What you should do – Write out each line from the data below that includes the word "subseteq".

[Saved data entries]
context
  fixes a b :: real and W :: "nat \<Rightarrow> nat \<Rightarrow> real" and N :: nat and P :: "nat set"
    and test :: "('x \<times> bool) list" and A :: "nat set \<Rightarrow> 'x \<Rightarrow> bool" and \<epsilon> \<delta> :: real
  assumes ab: "a \<le> b" "b < 1" and weights: "semivalue_weights N (W N)" and P: "P \<subseteq> {..<N}"
    and \<epsilon>: "0 < \<epsilon>" and \<delta>: "0 < \<delta>" "\<delta> < 1"
begin

abbreviation "fpr_agg \<equiv> F_agg (semivalue (W N) {..<N} (\<lambda>S. fpr test (A S))) P"

abbreviation "near_optimal \<equiv>
  {t. \<bar>F_agg (semivalue (W N) {..<N} (net_benefit test A (fst (run (nb_oracle a b N test A) t)))) P
       - (SUP U\<in>U_cost test A a b. F_agg (semivalue (W N) {..<N} U) P)\<bar> < \<epsilon>}"

lemma endpoint_not_near_optimal:
  assumes "Ret (endpoint a b t) \<notin> near_optimal"
  shows "(0 \<le> t) \<noteq> (0 \<le> fpr_agg)" "\<epsilon> \<le> (odds b - odds a) * \<bar>fpr_agg\<bar>"
  using assms \<epsilon>
    endpoint_value_error[OF ab, where w = "W N" and D = "{..<N}" and P = P and test = test
      and A = A and t = t]
  by (auto simp: SUP_U_cost[OF ab] split: if_splits)

lemma abs_fpr_agg_le: "\<bar>fpr_agg\<bar> \<le> card P"
  using abs_F_agg_semivalue_le[OF weights P abs_marginal_gain_fpr_le_1] by simp

lemma run_sign_test_on_samples:
  assumes "P \<noteq> {}" "x \<in> set_pmf (Pi_pmf {..<m} d (\<lambda>_. contribution_pmf (W N) N P))"
  shows "run (nb_oracle a b N test A) (sign_test a b x m acc)
       = (endpoint a b (acc + (odds b - odds a) * (\<Sum>j<m. marginal_gain (\<lambda>S. fpr test (A S)) (x j))),
          4 * m)"
proof (rule run_sign_test[OF ab(1)])
  fix j assume "j < m"
  then have "x j \<in> set_pmf (contribution_pmf (W N) N P)"
    using assms(2) by (auto simp: set_Pi_pmf PiE_dflt_def)
  then show "fst (x j) < N \<and> snd (x j) \<subseteq> {..<N}"
    using set_contribution_pmf[OF weights P \<open>P \<noteq> {}\<close>] P by blast
qed

lemma sign_test_success:
  defines "\<Delta> \<equiv> odds b - odds a"
  assumes "P \<noteq> {}" "\<epsilon> \<le> \<Delta> * N" and m: "0 < m" "2 * ln (2 / \<delta>) / (\<epsilon> / (\<Delta> * N))\<^sup>2 \<le> real m"
  shows "1 - \<delta> \<le> measure_pmf.prob
           (map_pmf (\<lambda>x. sign_test a b x m 0)
             (Pi_pmf {..<m} (0, {}) (\<lambda>_. contribution_pmf (W N) N P)))
           near_optimal"
proof -
  define M where "M = Pi_pmf {..<m} (0, {}) (\<lambda>_. contribution_pmf (W N) N P)"
  define g where "g = marginal_gain (\<lambda>S. fpr test (A S))"
  define \<mu> where "\<mu> = measure_pmf.expectation (contribution_pmf (W N) N P) g"
  define \<eta> where "\<eta> = \<epsilon> / (\<Delta> * N)"
  define H where "H = {x. real m * \<eta> \<le> \<bar>(\<Sum>j<m. g (x j)) - real m * \<mu>\<bar>}"
  have "0 < \<Delta> * N"
    using assms \<epsilon> by linarith
  then have "0 < \<Delta>" "0 < card P"
    using \<open>P \<noteq> {}\<close> P finite_subset[OF P] by (auto simp: zero_less_mult_iff card_gt_0_iff)
  have \<mu>: "\<mu> = fpr_agg / card P"
    unfolding \<mu>_def g_def using weights P \<open>P \<noteq> {}\<close> by (rule expectation_contribution_pmf)
  have H: "measure_pmf.prob M H \<le> \<delta>"
    unfolding M_def H_def \<mu>_def
    using m \<delta> \<epsilon> \<open>0 < \<Delta> * N\<close> abs_marginal_gain_fpr_le_1
    by (intro Pi_pmf_Hoeffding_sample_size) (auto simp: g_def \<eta>_def)
  \<comment> \<open>A wrong endpoint means the empirical sum and its mean \<open>m * \<mu>\<close> differ in sign,
    so they are at least \<open>m * \<bar>\<mu>\<bar> \<ge> m * \<eta>\<close> apart.\<close>
  have "sign_test a b x m 0 \<in> near_optimal" if x: "x \<in> set_pmf M" "x \<notin> H" for x
  proof (rule ccontr)
    assume bad: "sign_test a b x m 0 \<notin> near_optimal"
    have "run (nb_oracle a b N test A) (sign_test a b x m 0)
        = (endpoint a b (\<Delta> * (\<Sum>j<m. g (x j))), 4 * m)"
      using run_sign_test_on_samples[OF \<open>P \<noteq> {}\<close> x(1)[unfolded M_def]] unfolding \<Delta>_def g_def by simp
    then have "Ret (endpoint a b (\<Delta> * (\<Sum>j<m. g (x j)))) \<notin> near_optimal"
      using bad by simp
    note mismatch = endpoint_not_near_optimal[OF this]
    have "real m * \<eta> \<le> real m * \<bar>\<mu>\<bar>"
    proof -
      have "\<epsilon> * card P \<le> \<Delta> * \<bar>fpr_agg\<bar> * card P"
        using mismatch(2) unfolding \<Delta>_def[symmetric] by (simp add: mult_right_mono)
      also have "\<dots> \<le> \<Delta> * \<bar>fpr_agg\<bar> * N"
        using card_mono[OF finite_lessThan P] \<open>0 < \<Delta>\<close> by (intro mult_left_mono) auto
      finally have "\<epsilon> \<le> \<Delta> * (\<bar>\<mu>\<bar> * N)"
        using \<open>0 < card P\<close> unfolding \<mu> by (simp add: abs_div field_simps)
      then show ?thesis
        using \<open>0 < \<Delta> * N\<close> unfolding \<eta>_def by (intro mult_left_mono) (auto simp: field_simps)
    qed
    also have "real m * \<bar>\<mu>\<bar> \<le> \<bar>(\<Sum>j<m. g (x j)) - real m * \<mu>\<bar>"
    proof -
      have "(0 \<le> (\<Sum>j<m. g (x j))) \<noteq> (0 \<le> real m * \<mu>)"
        using mismatch(1) \<open>0 < \<Delta>\<close> \<open>0 < card P\<close> m(1)
        by (simp add: \<mu> zero_le_mult_iff zero_le_divide_iff)
      then have "\<bar>real m * \<mu>\<bar> \<le> \<bar>(\<Sum>j<m. g (x j)) - real m * \<mu>\<bar>"
        by (rule abs_le_abs_diff_if_sign_differs)
      then show ?thesis
        by (simp add: abs_mult)
    qed
    finally have "x \<in> H"
      unfolding H_def by simp
    then show False
      using x(2) by simp
  qed
  then have "1 - measure_pmf.prob M H
      \<le> measure_pmf.prob (map_pmf (\<lambda>x. sign_test a b x m 0) M) near_optimal"
    by (rule measure_map_pmf_ge_compl)
  with H show ?thesis
    unfolding M_def by linarith
qed
(* Let $F$ be a Sturmian set on an alphabet with $k$ letters and let $X\subset F$ be a finite $F$-maximal bifix code of $F$-degree $d$. Let $P$ (resp. $S$) be the set of proper prefixes (resp. proper suffixes) of words of $X$, including the empty word. Then $\sum_{x\in X}|x|=\mathrm{Card}(P)+\mathrm{Card}(S)+(k-2)d$.
   Context: A word $u\in F$ is right-special if $ua\in F$ for at least two letters $a$. An infinite word $x$ is strict episturmian if its set of factors $F(x)$ is closed under reversal, has exactly one right-special word of each length, and each right-special factor $u$ has $ua\in F(x)$ for every letter $a$; a Sturmian set is the set of factors of a strict episturmian word. A bifix code is a set of nonempty words none of which is a proper prefix or proper suffix of another; $X\subset F$ is $F$-maximal bifix if not properly contained in a bifix code contained in $F$. A parse of $w$ with respect to $X$ is a triple $(v,x,u)$ with $w=vxu$, $v$ having no suffix in $X$, $x\in X^*$, $u$ having no prefix in $X$; $d_F(X)$ is the maximum over $w\in F$ of the number of parses. *)

theory Defs
  imports Main "HOL-Library.Sublist"
begin

definition factors :: "(nat \<Rightarrow> 'a) \<Rightarrow> 'a list set" where
  "factors x = {w. \<exists>i. w = map x [i..<i + length w]}"

definition right_special :: "'a list set \<Rightarrow> 'a list \<Rightarrow> bool" where
  "right_special F u \<longleftrightarrow> (\<exists>a b. a \<noteq> b \<and> u @ [a] \<in> F \<and> u @ [b] \<in> F)"

definition strict_episturmian :: "'a set \<Rightarrow> (nat \<Rightarrow> 'a) \<Rightarrow> bool" where
  "strict_episturmian A x \<longleftrightarrow>
     (\<forall>i. x i \<in> A) \<and>
     (\<forall>w \<in> factors x. rev w \<in> factors x) \<and>
     (\<forall>n. \<exists>!u. length u = n \<and> right_special (factors x) u) \<and>
     (\<forall>u. right_special (factors x) u \<longrightarrow> (\<forall>a\<in>A. u @ [a] \<in> factors x))"

definition sturmian_set :: "'a set \<Rightarrow> 'a list set \<Rightarrow> bool" where
  "sturmian_set A F \<longleftrightarrow> (\<exists>x. strict_episturmian A x \<and> F = factors x)"

definition bifix_code :: "'a list set \<Rightarrow> bool" where
  "bifix_code X \<longleftrightarrow> [] \<notin> X \<and>
     (\<forall>u\<in>X. \<forall>v\<in>X. \<not> strict_prefix u v \<and> \<not> strict_suffix u v)"

definition F_maximal_bifix :: "'a list set \<Rightarrow> 'a list set \<Rightarrow> bool" where
  "F_maximal_bifix F X \<longleftrightarrow> bifix_code X \<and> X \<subseteq> F \<and>
     \<not> (\<exists>Y. bifix_code Y \<and> Y \<subseteq> F \<and> X \<subset> Y)"

definition star :: "'a list set \<Rightarrow> 'a list set" where
  "star X = {w. \<exists>xs. set xs \<subseteq> X \<and> w = concat xs}"

definition parses :: "'a list set \<Rightarrow> 'a list \<Rightarrow> ('a list \<times> 'a list \<times> 'a list) set" where
  "parses X w = {(v, y, u). w = v @ y @ u \<and>
      (\<forall>s. suffix s v \<longrightarrow> s \<notin> X) \<and> y \<in> star X \<and> (\<forall>p. prefix p u \<longrightarrow> p \<notin> X)}"

definition has_F_degree :: "'a list set \<Rightarrow> 'a list set \<Rightarrow> nat \<Rightarrow> bool" where
  "has_F_degree F X d \<longleftrightarrow> (\<forall>w\<in>F. card (parses X w) \<le> d) \<and> (\<exists>w\<in>F. card (parses X w) = d)"

definition proper_prefixes :: "'a list set \<Rightarrow> 'a list set" where
  "proper_prefixes X = {p. \<exists>x\<in>X. strict_prefix p x}"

Problem solution –
  assumes ab: "a \<le> b" "b < 1" and weights: "semivalue_weights N (W N)" and P: "P \<subseteq> {..<N}"
  then show "fst (x j) < N \<and> snd (x j) \<subseteq> {..<N}"
  "F_maximal_bifix F X \<longleftrightarrow> bifix_code X \<and> X \<subseteq> F \<and>
     \<not> (\<exists>Y. bifix_code Y \<and> Y \<subseteq> F \<and> X \<subset> Y)"
  "star X = {w. \<exists>xs. set xs \<subseteq> X \<and> w = concat xs}"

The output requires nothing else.